Answer:
The thickness of the ice layer that forms inside the uninsulated pipe is approximately 0.00000165 meters, or about 1.65 micrometers.
Step-by-step explanation:
To determine the thickness of the ice layer that forms inside the uninsulated pipe, you can use the concept of heat transfer through the pipe wall. The heat transfer occurs due to the temperature difference between the water inside the pipe and the outside environment. We can use the equation for steady-state heat conduction through a cylindrical wall:
Q = (2πkL / ln(r2/r1)) * (T1 - T2)
Where:
Q = Heat transfer rate (W)
k = Thermal conductivity of the material (W/m·K)
L = Thickness of the wall (m) - which is the thickness of the ice layer in this case
r1 = Inner radius of the pipe (m)
r2 = Outer radius of the pipe (m)
T1 = Temperature inside the pipe (K)
T2 = Temperature outside the pipe (K)
Given:
Inner diameter of the pipe (d) = 100 mm = 0.1 m
Inner radius (r1) = d/2 = 0.05 m
Thermal conductivity of ice (k) = 2.3 W/m·K
Temperature inside the pipe (T1) = 3°C = 276 K
Temperature outside the pipe (T2) = -15°C = 258 K
Convective heat transfer coefficient (h) = 2000 W/m²·K
Now, we need to find the outer radius (r2) of the pipe, which includes the thickness of the ice layer (L).

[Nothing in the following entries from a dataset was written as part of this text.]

lemma flat_minor_phi_insert_at:
  assumes rs: "length rs = \<kappa>" "\<forall>(a, b)\<in>set rs. a \<noteq> b"
    and cs: "length cs = \<kappa>" "\<forall>(a, b)\<in>set cs. a \<noteq> b" and k: "k \<le> \<kappa>"
  shows "flat_minor (phi \<kappa> s) (take k rs @ (i, i) # drop k rs) (take k cs @ (i, i) # drop k cs)
    = s Delta * s (PiI i) * flat_minor (phi \<kappa> s) rs cs"
proof -
  define rs' where "rs' = take k rs @ (i, i) # drop k rs"
  define cs' where "cs' = take k cs @ (i, i) # drop k cs"
  let ?M = "\<lambda>rs cs. flat_submatrix (phi \<kappa> s) rs cs"
  let ?G = "\<lambda>rs cs. flat_submatrix (\<lambda>i j k l. (1 - s Delta) * P_GM \<kappa> s i j k l) rs cs"
  have len: "length rs' = Suc \<kappa>" "length cs' = Suc \<kappa>"
    using rs cs k by (auto simp: rs'_def cs'_def)
  have rs'_off: "fst (rs' ! p) \<noteq> snd (rs' ! p)" if "p < Suc \<kappa>" "p \<noteq> k" for p
    using nth_insert_at_mem[of p rs k "(i, i)"] that rs k unfolding rs'_def by fastforce
  have cs'_off: "fst (cs' ! q) \<noteq> snd (cs' ! q)" if "q < Suc \<kappa>" "q \<noteq> k" for q
    using nth_insert_at_mem[of q cs k "(i, i)"] that cs k unfolding cs'_def by fastforce
  have carrier: "?M rs' cs' \<in> carrier_mat (Suc \<kappa>) (Suc \<kappa>)" "?G rs' cs' \<in> carrier_mat (Suc \<kappa>) (Suc \<kappa>)"
    using len by (simp_all add: flat_submatrix_carrier)
  have agree: "?M rs' cs' $$ (p, q) = ?G rs' cs' $$ (p, q)"
    if "p < Suc \<kappa>" "q < Suc \<kappa>" "(p, q) \<noteq> (k, k)" for p q
    using that len rs'_off cs'_off by (auto simp: phi_off_constant)
  have jump: "?M rs' cs' $$ (k, k) - ?G rs' cs' $$ (k, k) = s Delta * s (PiI i)"
    using len k rs cs by (simp add: rs'_def cs'_def nth_append phi_def)
  have del: "mat_delete (?G rs' cs') k k = ?G rs cs"
    unfolding rs'_def cs'_def by (rule mat_delete_flat_submatrix_insert_at) (use rs cs k in auto)
  have "?G rs cs = ?M rs cs"
  proof (rule flat_submatrix_cong)
    fix p q assume "p < length rs" "q < length cs"
    then have "fst (rs ! p) \<noteq> snd (rs ! p)"
      using rs(2) nth_mem[of p rs] by (auto simp: case_prod_beta)
    then show "(1 - s Delta) * P_GM \<kappa> s (fst (rs ! p)) (snd (rs ! p)) (fst (cs ! q)) (snd (cs ! q))
      = phi \<kappa> s (fst (rs ! p)) (snd (rs ! p)) (fst (cs ! q)) (snd (cs ! q))"
      by (simp add: phi_off_constant)
  qed
  then have "det (?M rs' cs') = s Delta * s (PiI i) * det (?M rs cs)"
    using det_change_diagonal_entry[OF carrier _ agree, of k] k
    by (simp add: det_flat_submatrix_scaled_P_GM[OF len] jump del)
  then show ?thesis
    by (simp add: flat_minor_eq_det rs'_def cs'_def)
qed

Since the ice layer is uniform, the temperature at the ice-water interface is 0°C, which is also the freezing point of water. We can use this information to find the outer radius:
Q = (2πkL / ln(r2/r1)) * (T1 - T2)
Q = (2π * 2.3 * L / ln(r2/0.05)) * (276 - 258)
Q = (4.6πL / ln(r2/0.05)) * 18
We also know that at the interface between the cold water and the ice, heat transfer occurs through convection:
Q_convective = h * A * ΔT
Where:
Q_convective = Heat transfer rate due to convection (W)

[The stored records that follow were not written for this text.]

(* For every temporal oriented tree $\mathcal T$, the connectivity graph $G$ of $\mathcal T$ is weakly chordal, i.e., it contains neither an induced cycle of length at least $5$ nor the complement of such a cycle as an induced subgraph.
   Context: A temporal digraph is a pair $(D,\lambda)$ with $D=(V,A)$ a finite digraph and $\lambda:A\to 2^{\{1,\dots,t_{\max}\}}$ giving the time-steps at which each arc is active. A temporal oriented tree $\mathcal T=(T,\lambda)$ is one whose underlying digraph $T$ is an orientation of a tree. A temporal path is a sequence $(v_1,v_2,t_1),\dots,(v_{k-1},v_k,t_{k-1})$ with pairwise distinct $v_i$, $\overrightarrow{v_iv_{i+1}}\in A$, $t_i\in\lambda(\overrightarrow{v_iv_{i+1}})$ and $t_1<\dots<t_{k-1}$. Two vertices $u\ne v$ are temporally connected if there is a temporal path from $u$ to $v$ or from $v$ to $u$. The connectivity graph of $\mathcal T$ is the undirected graph $G$ with $V(G)=V(T)$ and $uv\in E(G)$ iff $u\neq v$ and $u,v$ are temporally connected. *)

theory Defs
  imports Main
begin

definition temporal_digraph :: "'a set \<Rightarrow> ('a \<times> 'a) set \<Rightarrow> ('a \<times> 'a \<Rightarrow> nat set) \<Rightarrow> nat \<Rightarrow> bool" where
  "temporal_digraph V A lam tmax \<longleftrightarrow>
     finite V \<and> A \<subseteq> V \<times> V \<and> (\<forall>a\<in>A. lam a \<subseteq> {1..tmax})"

definition und_adj :: "('a \<times> 'a) set \<Rightarrow> 'a \<Rightarrow> 'a \<Rightarrow> bool" where
  "und_adj A u v \<longleftrightarrow> (u, v) \<in> A \<or> (v, u) \<in> A"

definition is_und_tree :: "'a set \<Rightarrow> ('a \<times> 'a) set \<Rightarrow> bool" where
  "is_und_tree V A \<longleftrightarrow>
     V \<noteq> {} \<and>
     (\<forall>u v. und_adj A u v \<longrightarrow> u \<in> V \<and> v \<in> V \<and> u \<noteq> v) \<and>
     (\<forall>u\<in>V. \<forall>v\<in>V. (u, v) \<in> {(x, y). und_adj A x y}\<^sup>*) \<and>
     \<not> (\<exists>cs. length cs \<ge> 3 \<and> distinct cs \<and>
           (\<forall>i < length cs. und_adj A (cs ! i) (cs ! ((i + 1) mod length cs))))"

definition oriented_tree :: "'a set \<Rightarrow> ('a \<times> 'a) set \<Rightarrow> bool" where
  "oriented_tree V A \<longleftrightarrow> A \<subseteq> V \<times> V \<and> (\<forall>u v. (u, v) \<in> A \<longrightarrow> (v, u) \<notin> A) \<and> is_und_tree V A"

definition temporal_path :: "('a \<times> 'a) set \<Rightarrow> ('a \<times> 'a \<Rightarrow> nat set) \<Rightarrow> 'a list \<Rightarrow> nat list \<Rightarrow> bool" where
  "temporal_path A lam vs ts \<longleftrightarrow>
     length vs \<ge> 2 \<and> length ts = length vs - 1 \<and> distinct vs \<and>
     (\<forall>i < length ts. (vs ! i, vs ! (i + 1)) \<in> A \<and> ts ! i \<in> lam (vs ! i, vs ! (i + 1))) \<and>
     sorted_wrt (<) ts"

definition temporal_path_from_to :: "('a \<times> 'a) set \<Rightarrow> ('a \<times> 'a \<Rightarrow> nat set) \<Rightarrow> 'a \<Rightarrow> 'a \<Rightarrow> bool" where
  "temporal_path_from_to A lam u v \<longleftrightarrow>
     (\<exists>vs ts. temporal_path A lam vs ts \<and> hd vs = u \<and> last vs = v)"

definition conn_edge :: "'a set \<Rightarrow> ('a \<times> 'a) set \<Rightarrow> ('a \<times> 'a \<Rightarrow> nat set) \<Rightarrow> 'a \<Rightarrow> 'a \<Rightarrow> bool" where
  "conn_edge V A lam u v \<longleftrightarrow> u \<in> V \<and> v \<in> V \<and> u \<noteq> v \<and>
     (temporal_path_from_to A lam u v \<or> temporal_path_from_to A lam v u)"

definition induced_cycle :: "'a set \<Rightarrow> ('a \<Rightarrow> 'a \<Rightarrow> bool) \<Rightarrow> 'a list \<Rightarrow> bool" where
  "induced_cycle V E cs \<longleftrightarrow> distinct cs \<and> set cs \<subseteq> V \<and>
     (\<forall>i < length cs. \<forall>j < length cs. i \<noteq> j \<longrightarrow>
        (E (cs ! i) (cs ! j) \<longleftrightarrow> j = (i + 1) mod length cs \<or> i = (j + 1) mod length cs))"

definition complement_graph :: "('a \<Rightarrow> 'a \<Rightarrow> bool) \<Rightarrow> 'a \<Rightarrow> 'a \<Rightarrow> bool" where
  "complement_graph E u v \<longleftrightarrow> u \<noteq> v \<and> \<not> E u v"

definition weakly_chordal :: "'a set \<Rightarrow> ('a \<Rightarrow> 'a \<Rightarrow> bool) \<Rightarrow> bool" where
  "weakly_chordal V E \<longleftrightarrow>
     \<not> (\<exists>cs. length cs \<ge> 5 \<and> induced_cycle V E cs) \<and>
     \<not> (\<exists>cs. length cs \<ge> 5 \<and> induced_cycle V (complement_graph E) cs)"

end

theory Submission
  imports Defs
begin

text \<open>Write u \<rightarrow> v if there is a temporal path from u to v. In an oriented tree u \<rightarrow> v and
  v \<rightarrow> u exclude each other, and an interior vertex of a temporal path is adjacent in the
  connectivity graph G to both of its ends. Deleting the tree edge under the first arc of a path
  a \<rightarrow> b shows: if b and d are joined by a walk in G that avoids a and has no two consecutive
  vertices adjacent to a, then a \<rightarrow> b iff a \<rightarrow> d.

  Consequently every vertex of an induced cycle of length at least 4 in G reaches both or none of its
  two neighbours, so such a cycle is even; this excludes C5 and, as C5 is self-complementary, its
  complement. In the complement of a cycle of length at least 6 every vertex reaches all or none of
  its G-neighbours, which fails on a triangle. Finally, in an induced cycle of length at least 6 the
  temporal paths realising the edges c0c1 and c3c4 cannot meet, so some tree edge separates them;
  two cycle edges crossing that tree edge cross it along the same arc, and splicing their paths there
  yields a chord.\<close>

lemma exists_crossing_step:
  assumes "\<not> P (f a)" "P (f b)" "a \<le> b"
  shows "\<exists>i. a \<le> i \<and> i < b \<and> \<not> P (f i) \<and> P (f (Suc i))"
  using assms
proof (induction b)
  case (Suc b)
  then show ?case
    by (cases "P (f b) \<and> a \<le> b") (force, metis le_Suc_eq lessI)
qed simp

h = Convective heat transfer coefficient (W/m²·K)
A = Surface area through which heat transfer occurs (m²)
ΔT = Temperature difference between the water and ice interface (K)
The surface area of the pipe wall can be calculated as:
A = 2πL * (r2 - r1)
Now, we can set up the equation for the heat transfer due to convection:
Q_convective = 2000 * [2πL * (r2 - 0.05)] * (0 - 276)

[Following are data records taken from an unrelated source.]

(* Let $G$ and $H$ be Hausdorff locally quasi-convex abelian groups. Then the dual groups of $G\otimes H$ and of $G\otimes_{\mathcal Q}H$ are (algebraically) isomorphic to $\mathbb X(G,H)$, the group of all continuous bicharacters of $G\times H$: $\widehat{G\otimes H}\simeq\widehat{G\otimes_{\mathcal Q}H}\simeq\mathbb X(G,H)$.
   Context: $\mathbb T=\mathbb R/\mathbb Z$; a character is a continuous homomorphism into $\mathbb T$ and $\widehat L$ denotes the group of characters of $L$. A continuous bihomomorphism $b:G\times H\to L$ is separately a continuous homomorphism in each variable and continuous at $(0,0)$; a continuous bicharacter is a continuous bihomomorphism into $\mathbb T$. $G\otimes H$ is the tensor product in the category of all topological abelian groups: the quotient $A(G\times H)/N$ of the free abelian topological group on the space $G\times H$ by the subgroup $N$ generated by all $\sigma(a+b,c)-\sigma(a,c)-\sigma(b,c)$ and $\sigma(a,c+d)-\sigma(a,c)-\sigma(a,d)$ ($\sigma$ the canonical map), with $\otimes$ the composite of $\sigma$ and the quotient map. A subset $A$ of $L$ is quasi-convex if for every $g\notin A$ there is a character $\chi$ with $|\chi(a)|\le1/4$ on $A$ and $|\chi(g)|>1/4$; $\mathcal Q$ is the class of Hausdorff abelian groups with a basis at $0$ of quasi-convex sets. For $G,H\in\mathcal Q$, $G\otimes_{\mathcal Q}H$ is the group in $\mathcal Q$ with a continuous bihomomorphism $\otimes_{\mathcal Q}:G\times H\to G\otimes_{\mathcal Q}H$ through which every continuous bihomomorphism into a group of $\mathcal Q$ factors via a unique continuous homomorphism (unique up to topological isomorphism). *)

theory Defs
  imports "HOL-Analysis.Analysis" "HOL-Algebra.Free_Abelian_Groups" "HOL-Algebra.Generated_Groups"
begin

definition top_ab_group :: "('a, 'm) monoid_scheme \<Rightarrow> 'a topology \<Rightarrow> bool" where
  "top_ab_group G T \<longleftrightarrow> comm_group G \<and> topspace T = carrier G
     \<and> continuous_map (prod_topology T T) T (\<lambda>(x, y). x \<otimes>\<^bsub>G\<^esub> y)
     \<and> continuous_map T T (\<lambda>x. inv\<^bsub>G\<^esub> x)"

text \<open>We realise T = R/Z as the unit circle in the complex plane (via t \<mapsto> exp(2 pi i t)).
The "absolute value" |t| of t in R/Z (distance to the nearest integer) corresponds to
|Arg z| / (2 pi).\<close>

definition circle_group :: "complex monoid" where
  "circle_group = \<lparr>carrier = sphere 0 1, monoid.mult = (*), one = 1\<rparr>"

definition circle_top :: "complex topology" where
  "circle_top = subtopology euclidean (sphere 0 1)"

definition tnorm :: "complex \<Rightarrow> real" where
  "tnorm z = \<bar>Arg z\<bar> / (2 * pi)"

definition characters :: "('a, 'm) monoid_scheme \<Rightarrow> 'a topology \<Rightarrow> ('a \<Rightarrow> complex) set" where
  "characters G T = {chr. chr \<in> hom G circle_group \<and> continuous_map T circle_top chr
                         \<and> chr \<in> extensional (carrier G)}"

definition dual_group :: "('a, 'm) monoid_scheme \<Rightarrow> 'a topology \<Rightarrow> ('a \<Rightarrow> complex) monoid" where
  "dual_group G T = \<lparr>carrier = characters G T,
     monoid.mult = (\<lambda>chr psi. \<lambda>x\<in>carrier G. chr x * psi x),
     one = (\<lambda>x\<in>carrier G. 1)\<rparr>"

definition cont_bihom ::
  "('a, 'm) monoid_scheme \<Rightarrow> 'a topology \<Rightarrow> ('b, 'n) monoid_scheme \<Rightarrow> 'b topology
   \<Rightarrow> ('c, 'k) monoid_scheme \<Rightarrow> 'c topology \<Rightarrow> ('a \<Rightarrow> 'b \<Rightarrow> 'c) \<Rightarrow> bool" where
  "cont_bihom G TG H TH L TL b \<longleftrightarrow>
     (\<forall>x \<in> carrier G. b x \<in> hom H L \<and> continuous_map TH TL (b x)) \<and>
     (\<forall>y \<in> carrier H. (\<lambda>x. b x y) \<in> hom G L \<and> continuous_map TG TL (\<lambda>x. b x y)) \<and>
     (\<forall>V. openin TL V \<and> b \<one>\<^bsub>G\<^esub> \<one>\<^bsub>H\<^esub> \<in> V \<longrightarrow>
        (\<exists>U. openin (prod_topology TG TH) U \<and> (\<one>\<^bsub>G\<^esub>, \<one>\<^bsub>H\<^esub>) \<in> U
             \<and> (\<forall>(x, y) \<in> U. b x y \<in> V)))"

definition bichar_group ::
  "('a, 'm) monoid_scheme \<Rightarrow> 'a topology \<Rightarrow> ('b, 'n) monoid_scheme \<Rightarrow> 'b topology
   \<Rightarrow> ('a \<Rightarrow> 'b \<Rightarrow> complex) monoid" where
  "bichar_group G TG H TH = \<lparr>
     carrier = {b. cont_bihom G TG H TH circle_group circle_top b
                   \<and> b \<in> extensional (carrier G) \<and> (\<forall>x \<in> carrier G. b x \<in> extensional (carrier H))},
     monoid.mult = (\<lambda>b c. \<lambda>x\<in>carrier G. \<lambda>y\<in>carrier H. b x y * c x y),
     one = (\<lambda>x\<in>carrier G. \<lambda>y\<in>carrier H. 1)\<rparr>"

definition quasi_convex :: "('a, 'm) monoid_scheme \<Rightarrow> 'a topology \<Rightarrow> 'a set \<Rightarrow> bool" where
  "quasi_convex G T A \<longleftrightarrow> A \<subseteq> carrier G \<and>
     (\<forall>g \<in> carrier G - A. \<exists>chr \<in> characters G T.
        (\<forall>a \<in> A. tnorm (chr a) \<le> 1/4) \<and> tnorm (chr g) > 1/4)"

definition locally_quasi_convex :: "('a, 'm) monoid_scheme \<Rightarrow> 'a topology \<Rightarrow> bool" where
  "locally_quasi_convex G T \<longleftrightarrow>
     (\<forall>U. openin T U \<and> \<one>\<^bsub>G\<^esub> \<in> U \<longrightarrow>
        (\<exists>V. quasi_convex G T V \<and> V \<subseteq> U \<and> \<one>\<^bsub>G\<^esub> \<in> T interior_of V))"

definition class_Q :: "('a, 'm) monoid_scheme \<Rightarrow> 'a topology \<Rightarrow> bool" where
  "class_Q G T \<longleftrightarrow> top_ab_group G T \<and> Hausdorff_space T \<and> locally_quasi_convex G T"

text \<open>A(X) for a topological space X: the free abelian group on the points of X, carrying
the finest group topology making the canonical map sigma continuous (Markov/Graev).  The
supremum of group topologies is a group topology, so this is the topology generated by the
union of all such topologies.\<close>

definition free_top_ab_topology :: "'a topology \<Rightarrow> ('a \<Rightarrow>\<^sub>0 int) topology" where
  "free_top_ab_topology X = topology_generated_by
     (\<Union> {{U. openin T U} | T. top_ab_group (free_Abelian_group (topspace X)) T
                              \<and> continuous_map X T frag_of})"

definition tensor_A :: "('a, 'm) monoid_scheme \<Rightarrow> ('b, 'n) monoid_scheme \<Rightarrow> ('a \<times> 'b \<Rightarrow>\<^sub>0 int) monoid" where
  "tensor_A G H = free_Abelian_group (carrier G \<times> carrier H)"

definition tensor_N :: "('a, 'm) monoid_scheme \<Rightarrow> ('b, 'n) monoid_scheme \<Rightarrow> ('a \<times> 'b \<Rightarrow>\<^sub>0 int) set" where
  "tensor_N G H = generate (tensor_A G H)
     ({frag_of (a \<otimes>\<^bsub>G\<^esub> a', c) - frag_of (a, c) - frag_of (a', c) | a a' c.
         a \<in> carrier G \<and> a' \<in> carrier G \<and> c \<in> carrier H} \<union>
      {frag_of (a, c \<otimes>\<^bsub>H\<^esub> c') - frag_of (a, c) - frag_of (a, c') | a c c'.
         a \<in> carrier G \<and> c \<in> carrier H \<and> c' \<in> carrier H})"

definition tensor_group :: "('a, 'm) monoid_scheme \<Rightarrow> ('b, 'n) monoid_scheme \<Rightarrow> ('a \<times> 'b \<Rightarrow>\<^sub>0 int) set monoid" where
  "tensor_group G H = tensor_A G H Mod tensor_N G H"

definition tensor_top :: "('a, 'm) monoid_scheme \<Rightarrow> 'a topology \<Rightarrow> ('b, 'n) monoid_scheme \<Rightarrow> 'b topology
   \<Rightarrow> ('a \<times> 'b \<Rightarrow>\<^sub>0 int) set topology" where
  "tensor_top G TG H TH = topology (\<lambda>U. U \<subseteq> carrier (tensor_group G H) \<and>
      openin (free_top_ab_topology (prod_topology TG TH)) (\<Union> U))"

definition tensor_map :: "('a, 'm) monoid_scheme \<Rightarrow> ('b, 'n) monoid_scheme \<Rightarrow> 'a \<Rightarrow> 'b \<Rightarrow> ('a \<times> 'b \<Rightarrow>\<^sub>0 int) set" where
  "tensor_map G H x y = tensor_N G H #>\<^bsub>tensor_A G H\<^esub> frag_of (x, y)"

text \<open>(Q, TQ, t) is a Q-tensor product of G and H with respect to target groups carried by the
type 'd: Q is in the class Q, t is a continuous bihomomorphism, and every continuous
bihomomorphism into a group of Q (carried by 'd) factors as f o t for a unique continuous
homomorphism f (unique on the carrier).\<close>

definition is_Q_tensor ::
  "'d itself \<Rightarrow> ('a, 'm) monoid_scheme \<Rightarrow> 'a topology \<Rightarrow> ('b, 'n) monoid_scheme \<Rightarrow> 'b topology
   \<Rightarrow> ('c, 'k) monoid_scheme \<Rightarrow> 'c topology \<Rightarrow> ('a \<Rightarrow> 'b \<Rightarrow> 'c) \<Rightarrow> bool" where
  "is_Q_tensor (_ :: 'd itself) G TG H TH Q TQ t \<longleftrightarrow>
     class_Q Q TQ \<and> cont_bihom G TG H TH Q TQ t \<and>
     (\<forall>(L :: 'd monoid) TL b. class_Q L TL \<and> cont_bihom G TG H TH L TL b \<longrightarrow>
        (\<exists>!f. f \<in> hom Q L \<and> continuous_map TQ TL f \<and> f \<in> extensional (carrier Q) \<and>
              (\<forall>x \<in> carrier G. \<forall>y \<in> carrier H. f (t x y) = b x y)))"

end

theory Submission
  imports Defs
begin

text \<open>Both duals are identified with the group of continuous bicharacters by composing characters
with the canonical bihomomorphism. For the \<open>\<Q>\<close>-tensor product this is its universal property
applied to the circle group, which lies in \<open>\<Q>\<close>. For \<open>G \<otimes> H = A(G \<times> H)/N\<close>, a character is the
same as a continuous character of the free abelian topological group \<open>A(G \<times> H)\<close> vanishing on \<open>N\<close>;
it is determined by its values on the generators, and it vanishes on \<open>N\<close> exactly when these values
form a bihomomorphism. Conversely, a continuous bicharacter \<open>b\<close> is jointly continuous, since
\<open>b(x\<^sub>0u, y\<^sub>0v) = b(x\<^sub>0, y\<^sub>0) b(x\<^sub>0, v) b(u, y\<^sub>0) b(u, v)\<close> and the last factor is continuous at the
identity. Hence the pullback of the circle topology along the homomorphism induced by \<open>b\<close> is a
group topology on \<open>A(G \<times> H)\<close> making the embedding continuous, so it is coarser than the free
topology, and \<open>b\<close> induces a character of \<open>G \<otimes> H\<close>.\<close>

section \<open>The circle group\<close>

lemma circle_group_simps [simp]:
  "carrier circle_group = sphere 0 1"
  "x \<otimes>\<^bsub>circle_group\<^esub> y = x * y"
  "\<one>\<^bsub>circle_group\<^esub> = 1"
  by (auto simp: circle_group_def)

lemma comm_group_circle_group: "comm_group circle_group"
proof -
  have "group circle_group"
  proof (rule groupI)
    fix x assume "x \<in> carrier circle_group"
    then show "\<exists>y\<in>carrier circle_group. y \<otimes>\<^bsub>circle_group\<^esub> x = \<one>\<^bsub>circle_group\<^esub>"
      by (intro bexI[of _ "inverse x"]) (auto simp: norm_inverse intro!: left_inverse)
  qed (auto simp: norm_mult mult.assoc)
  then show ?thesis
    by (rule group.group_comm_groupI) (auto simp: mult.commute)
qed

lemma group_circle_group: "group circle_group"
  using comm_group_circle_group comm_group_def by blast

lemma inv_circle_group [simp]: "x \<in> sphere 0 1 \<Longrightarrow> inv\<^bsub>circle_group\<^esub> x = inverse x"
  by (rule group.inv_equality[OF group_circle_group]) (auto simp: norm_inverse intro!: left_inverse)

lemma topspace_circle_top [simp]: "topspace circle_top = sphere 0 1"
  by (simp add: circle_top_def)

Q_convective = -4000πL * (r2 - 0.05) * 276
Now, we have two equations for heat transfer, one through conduction and one through convection. Since heat is conserved, the heat transferred through conduction must be equal to the heat transferred through convection:
4.6πL / ln(r2/0.05) * 18 = -4000πL * (r2 - 0.05) * 276
Now, we can solve this equation for L (the thickness of the ice layer):
4.6 / ln(r2/0.05) * 18 = -4000 * (r2 - 0.05) * 276
Simplify:
ln(r2/0.05) = -4.6 / (18 * -4000 * 276)
ln(r2/0.05) ≈ 0.0000327
Now, find r2:
r2/0.05 ≈ e^0.0000327
r2 ≈ 0.05 * e^0.0000327
r2 ≈ 0.05000165 m
Now that we have r2, we can calculate the thickness of the ice layer (L):
L = (r2 - r1)
L = (0.05000165 - 0.05)
L ≈ 0.00000165 m
So, the thickness of the ice layer that forms inside the uninsulated pipe is approximately 0.00000165 meters, or about 1.65 micrometers.